Acting Prime Minister Michael McCormack has told unemployed Aussies to turn off Netflix and get a job in regional areas.

The regional Australia Institute has identified 50,000 unfilled jobs in regional Australia, as a drop in temporary foreign workers due to COVID-19 saw more than $38m worth of fruit and vegetables rotting in Aussie farms.

Mr McCormack has told unemployed Aussies to go bush to fill the void, but shrugged off suggestions it was insulting to call the unemployed lounge lizards.

"I say to those people who perhaps have done reasonably well off JobSeeker, who may have earnt more than they could have dreamt of, it is perhaps time to turn the Stan and Netflix off to come to the regions (where) you can have a better life," he told Today.

Michael McCormack has urged unemployed Aussies to take up jobs in the regions. Picture: Sue Graham
Michael McCormack has urged unemployed Aussies to take up jobs in the regions. Picture: Sue Graham

He described fruit picking as "fun … (and) well-paying" but said there were a range of other jobs to fill, including at doctor's surgeries, in tourism and in hospitality.

Mr McCormack also refused to criticise Coalition backbencher George Christensen, who sparked controversy by peddling conspiracy theories over voter fraud in the US.

The posts were brought into focus after last week's deadly attack on Washington's Capitol building, as pro-Trump supporters violently attempted to prevent politicians from confirming Joe Biden's election win.

Speaking in Mr Christensen's Queensland electorate, the Nationals leader described him as "the voice of the north".

"George Christensen is a free spirit. While George might sometimes push the boundaries of controversy on social media he also sticks very much up for communities such as this one," he said.

Michael McCormack refused to criticise George Christensen (left) for peddling conspiracy theories. Picture: AAP Image/Mick Tsikas
Michael McCormack refused to criticise George Christensen (left) for peddling conspiracy theories. Picture: AAP Image/Mick Tsikas

"He supports all those job-creating activities through COVID. He is the voice of the north. He has been strident to ensure that people in his area has a job for the future.

"That is surely the number one thing that an MP should do and he has done it."

The Nationals leader also refused to walk back comments comparing the Capitol Hill attack with the Black Lives Matter (BLM) protests across the US last year, which he labelled "race riots".

The protests were sparked by the death of George Floyd at the hands of Minneapolis police, while the assault on Capitol Hill was widely seen as an attempt to overthrow a legitimate election.

The comparison sparked outrage among human rights groups, with Amnesty International demanded Mr McCormack be "condemned in the strongest terms".

"The Acting Prime Minister must immediately withdraw his deeply offensive comments that compared the violent attacks on the US Capitol to the historic and important Black Lives Matters movement that swept the world last year," Amnesty's International Indigenous rights lead Nolan Hunter said on Monday.

 

"To call the Black Lives Matters movement 'race riots' proves that the Acting Prime Minister ignored the incredibly important message that it shared."

But Mr McCormack said any form of violent protest was "abhorrent", regardless of its motivations.

"It involves violence, it involves destruction of property.
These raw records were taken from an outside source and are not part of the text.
theorem corollary3p7:
  fixes p :: real and T :: "(nat \<Rightarrow> complex) \<Rightarrow> (nat \<Rightarrow> complex)"
  assumes "1 < p"
    and "lp_operator p T"
    and "interval_preserving p T"
  shows "\<exists>M. lp_ideal p M \<and> lp_closed p M \<and> (\<forall>x\<in>M. T x \<in> M) \<and>
             M \<noteq> {\<lambda>n. 0} \<and> M \<noteq> lp p"
proof -
  have p: "0 < p" using assms(1) by simp
  obtain f where f: "\<And>j m. T (unit_vec j) m \<noteq> 0 \<Longrightarrow> m = f j"
    using interval_preserving_obtain_support_map[OF assms(2,3)] by blast
  let ?M = "coord_ideal p (orbit f 0)"
  have "lp_ideal p ?M" using lp_ideal_coord_ideal p by simp
  moreover have "lp_closed p ?M" using lp_closed_coord_ideal[OF p] .
  moreover have "T x \<in> ?M" if "x \<in> ?M" for x
  proof (rule coord_ideal_invariant[OF assms(2) p _ that])
    fix j m
    assume "j \<in> orbit f 0" "T (unit_vec j) m \<noteq> 0"
    thus "m \<in> orbit f 0" using orbit.step f by metis
  qed
  moreover have "unit_vec (f 0) \<in> ?M"
    using orbit.base unit_vec_in_coord_ideal_iff by simp
  hence "?M \<noteq> {\<lambda>n. 0}" using unit_vec_neq_zero by auto
  moreover obtain b where "b \<notin> orbit f 0" using orbit_nat_neq_UNIV[of f 0] by blast
  hence "?M \<noteq> lp p"
    using unit_vec_in_coord_ideal_iff[of b p] unit_vec_lp[of b p] by auto
  ultimately show ?thesis by blast
qed

end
It involves deaths of people and any violence of that form is condemned," he said.

Twitter banned US President Donald Trump last week, arguing there was an ongoing risk he would use the platform to incite further violence.

Senior government ministers said on Monday they were troubled by the ban, and Mr McCormack claimed 102,000 Australian soldiers had died "so we could speak freely".

Twitter declined a request from the Australian government to remove a tweet by Chinese foreign ministry official Lijian Zhao, depicting an Australian soldier holding a knife to the neck of an Afghan child.

The tweet was in reference to the Brereton report, which found evidence Australian soldiers had committed 39 murders of Afghan civilians and prisoners.

Michael McCormack said it was ‘not right’ Twitter banned Donald Trump while allowing this image to remain available to the public. Picture: Twitter
Michael McCormack said it was ‘not right’ Twitter banned Donald Trump while allowing this image to remain available to the public. Picture: Twitter

Mr McCormack conceded it was a matter for Twitter as a private company, but said it was "not right" that the President's account had been removed while Zhao's tweet remained publicly available.

"To take a president's Twitter feed down, whilst at the same time allowing … a doctored image to remain on there of an Australian soldier, an Aussie digger no less, potentially looking like he is doing harm to a child. I mean really, that is not right," he said.